BEGIN Dataset excerpts

(* Let $X\in\mathbb{R}^{M\times N_f}$, $W\in\mathbb{R}^{N_f\times N_p}$, and $P_f=(W(XW)^+X)^T$. Then $P_f$ is an (oblique) projector, $P_f^2=P_f$, and for any singular value decomposition $P_f=\sum_{i:\sigma_i>0}\sigma_i\vec{f}_{X,i}\vec{f}_{W,i}^T$ (with $\{\vec{f}_{X,i}\}$ orthonormal, $\{\vec{f}_{W,i}\}$ orthonormal, $\sigma_i>0$) one has $\vec{f}_{W,i}\cdot\vec{f}_{X,j}=\delta_{ij}\cos\theta_i$ with $\cos\theta_i=1/\sigma_i$, so that $$P_f=\sum_i\frac{1}{\cos\theta_i}\vec{f}_{X,i}\vec{f}_{W,i}^T,$$ and all projection deviation angles satisfy $\delta\phi_i=0$.
   Context: $(XW)^+$ is the Moore–Penrose pseudoinverse. The subspace orientation angle $\theta_i\in[0,\pi]$ is defined by $\cos\theta_i=\vec{f}_{X,i}\cdot\vec{f}_{W,i}$. The projection deviation angle $\delta\phi_i$ is defined by $\cos(\pi/2-\delta\phi_i)=\frac{\vec{f}_{W,i}\cdot(\sigma_i\vec{f}_{X,i}-\vec{f}_{W,i})}{\|\sigma_i\vec{f}_{X,i}-\vec{f}_{W,i}\|}$; when $\sigma_i\vec{f}_{X,i}-\vec{f}_{W,i}=0$ (which happens when $\theta_i=0$) it is undefined and by convention taken to be $0$. *)

theory Defs
  imports "HOL-Analysis.Analysis"
begin

text \<open>Moore--Penrose pseudoinverse, defined by the four Penrose conditions
  (it exists and is unique for every real matrix).\<close>
definition mp_pinv :: "real^'n^'m \<Rightarrow> real^'m^'n" where
  "mp_pinv A = (THE B. A ** B ** A = A \<and> B ** A ** B = B \<and>
                       transpose (A ** B) = A ** B \<and> transpose (B ** A) = B ** A)"

definition outer :: "real^'m \<Rightarrow> real^'n \<Rightarrow> real^'n^'m" where
  "outer u v = (\<chi> a b. u $ a * v $ b)"

definition orient_angle :: "real^'n \<Rightarrow> real^'n \<Rightarrow> real" where
  "orient_angle fX fW = arccos (fX \<bullet> fW)"

text \<open>Projection deviation angle: cos(pi/2 - dphi) = fW.(s fX - fW)/|s fX - fW|,
  with dphi in [-pi/2, pi/2]; taken to be 0 when s fX - fW = 0.\<close>
definition proj_dev_angle :: "real \<Rightarrow> real^'n \<Rightarrow> real^'n \<Rightarrow> real" where
  "proj_dev_angle s fX fW =
     (if s *\<^sub>R fX - fW = 0 then 0
      else pi / 2 - arccos ((fW \<bullet> (s *\<^sub>R fX - fW)) / norm (s *\<^sub>R fX - fW)))"

end

theory Submission
  imports Defs
begin

(* Idempotence of Pf only needs the Penrose condition B (XW) B = B for B = (XW)^+.
   Writing Pf = \<Sum> \<sigma>_i fX_i fW_i^T, orthonormality of the fW gives Pf fW_l = \<sigma>_l fX_l,
   so Pf (Pf fW_l) = Pf fW_l becomes, after pairing with fX_k,
   \<sigma>_k \<sigma>_l (fW_k \<bullet> fX_l) = \<sigma>_l \<delta>_kl.  Hence fW_k \<bullet> fX_l = \<delta>_kl / \<sigma>_k, which is
   cos \<theta>_k for k = l, and then fW_k \<bullet> (\<sigma>_k fX_k - fW_k) = 0, i.e. \<delta>\<phi>_k = 0. *)

lemma matrix_diff_ldistrib: "(A :: 'a::ring_1 ^'n^'m) ** (B - C) = A ** B - A ** C"
  by (simp add: vec_eq_iff matrix_matrix_mult_def sum_subtractf algebra_simps)

lemma inner_matrix_vector_transpose:
  fixes A :: "real^'n^'m"
  shows "(A *v x) \<bullet> y = x \<bullet> (transpose A *v y)"
  by (metis dot_lmul_matrix inner_commute transpose_matrix_vector)

lemma transpose_mul_self_eq_0_iff:
  fixes N :: "real^'n^'m"
  shows "transpose N ** N = 0 \<longleftrightarrow> N = 0"
proof
  assume N: "transpose N ** N = 0"
  have "N $ i $ j = 0" for i j
  proof -
    have "(\<Sum>k\<in>UNIV. (N $ k $ j)\<^sup>2) = (transpose N ** N) $ j $ j"
      by (simp add: matrix_matrix_mult_def transpose_def power2_eq_square)
    then show ?thesis using N by (simp add: sum_nonneg_eq_0_iff)
  qed
  then show "N = 0" by (simp add: vec_eq_iff)
qed simp

lemma range_transpose_inter_kernel_eq_0:
  fixes M :: "real^'n^'m" and K :: "real^'k^'m"
  assumes "N = transpose M ** K" and "M ** N = 0"
  shows "N = 0"
proof -
  have "transpose N ** N = transpose K ** (M ** N)"
    unfolding assms(1) by (simp add: matrix_transpose_mul matrix_mul_assoc)
  then show ?thesis using assms(2) by (simp add: transpose_mul_self_eq_0_iff)
qed

lemma transpose_mult_vector_eq_0_if_orthogonal_range:
  fixes A :: "real^'n^'m"
  assumes "\<And>x. orthogonal y (A *v x)"
  shows "transpose A *v y = 0"
proof -
  have "(transpose A *v y) \<bullet> (transpose A *v y) = y \<bullet> (A *v (transpose A *v y))"
    by (metis inner_commute inner_matrix_vector_transpose)
  also have "\<dots> = 0" using assms orthogonal_def by blast
  finally show ?thesis by (simp only: inner_eq_zero_iff)
qed

lemma range_plus_kernel_transpose_decomp:
  fixes A :: "real^'n^'m"
  obtains x y where "w = A *v x + y" and "transpose A *v y = 0"
proof -
  have span_range: "span (range ((*v) A)) = range ((*v) A)"
    by (metis span_linear_image matrix_vector_mul_linear span_UNIV)
  obtain x y where "w = A *v x + y" and "\<And>v. v \<in> range ((*v) A) \<Longrightarrow> orthogonal y v"
    using orthogonal_subspace_decomp_exists[of "range ((*v) A)" w] unfolding span_range
    by blast
  then show ?thesis
    using that transpose_mult_vector_eq_0_if_orthogonal_range[of y A] by blast
qed

lemma transpose_mul_self_transpose_solvable:
  fixes A :: "real^'n^'m"
  obtains z where "(transpose A ** A ** transpose A) *v z = transpose A *v w"
proof -
  obtain x y where w: "w = A *v x + y" and y: "transpose A *v y = 0"
    using range_plus_kernel_transpose_decomp .
  obtain z n where x: "x = transpose A *v z + n" and n: "A *v n = 0"
    using range_plus_kernel_transpose_decomp[of x "transpose A"] by auto
  have "(transpose A ** A ** transpose A) *v z = transpose A *v (A *v (transpose A *v z))"
    by (simp only: matrix_vector_mul_assoc matrix_mul_assoc)
  also have "\<dots> = transpose A *v (A *v x)"
    using x n by (simp add: matrix_vector_right_distrib del: transpose_matrix_vector)
  also have "\<dots> = transpose A *v w"
    using w y by (simp add: matrix_vector_right_distrib)
  finally show ?thesis using that by blast
qed

lemma matrix_mul_solvable_if_columns_in_range:
  fixes M :: "'a::semiring_1^'n^'m" and B :: "'a^'k^'m"
  assumes "\<And>j. \<exists>z. M *v z = column j B"
  obtains C where "M ** C = B"
proof -
  obtain z where z: "\<And>j. M *v z j = column j B" using assms by metis
  have "(M ** (\<chi> k j. z j $ k)) $ i $ j = B $ i $ j" for i j
  proof -
    have "(M ** (\<chi> k j. z j $ k)) $ i $ j = (M *v z j) $ i"
      by (simp add: matrix_matrix_mult_def matrix_vector_mult_def)
    then show ?thesis by (simp add: z column_def)
  qed
  then have "M ** (\<chi> k j. z j $ k) = B" by (simp add: vec_eq_iff)
  then show ?thesis by (rule that)
qed

lemma symmetric_if_transpose_mul_self_eq_transpose:
  fixes M :: "'a::comm_semiring_1^'n^'n"
  assumes "transpose M ** M = transpose M"
  shows "transpose M = M"
proof -
  have "M = transpose (transpose M ** M)" by (simp only: assms transpose_transpose)
  also have "\<dots> = transpose M ** M" by (simp add: matrix_transpose_mul)
  also have "\<dots> = transpose M" by (rule assms)
  finally show ?thesis by (rule sym)
qed

definition penrose_conditions :: "real^'n^'m \<Rightarrow> real^'m^'n \<Rightarrow> bool" where
  "penrose_conditions A B \<longleftrightarrow> A ** B ** A = A \<and> B ** A ** B = B \<and>
     transpose (A ** B) = A ** B \<and> transpose (B ** A) = B ** A"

END Dataset excerpts

> _Problem statement_
Check each line of the entries for the string "which". Copy the lines that have it.

> _Expected answer_
   Context: $(XW)^+$ is the Moore–Penrose pseudoinverse. The subspace orientation angle $\theta_i\in[0,\pi]$ is defined by $\cos\theta_i=\vec{f}_{X,i}\cdot\vec{f}_{W,i}$. The projection deviation angle $\delta\phi_i$ is defined by $\cos(\pi/2-\delta\phi_i)=\frac{\vec{f}_{W,i}\cdot(\sigma_i\vec{f}_{X,i}-\vec{f}_{W,i})}{\|\sigma_i\vec{f}_{X,i}-\vec{f}_{W,i}\|}$; when $\sigma_i\vec{f}_{X,i}-\vec{f}_{W,i}=0$ (which happens when $\theta_i=0$) it is undefined and by convention taken to be $0$. *)
   \<sigma>_k \<sigma>_l (fW_k \<bullet> fX_l) = \<sigma>_l \<delta>_kl.  Hence fW_k \<bullet> fX_l = \<delta>_kl / \<sigma>_k, which is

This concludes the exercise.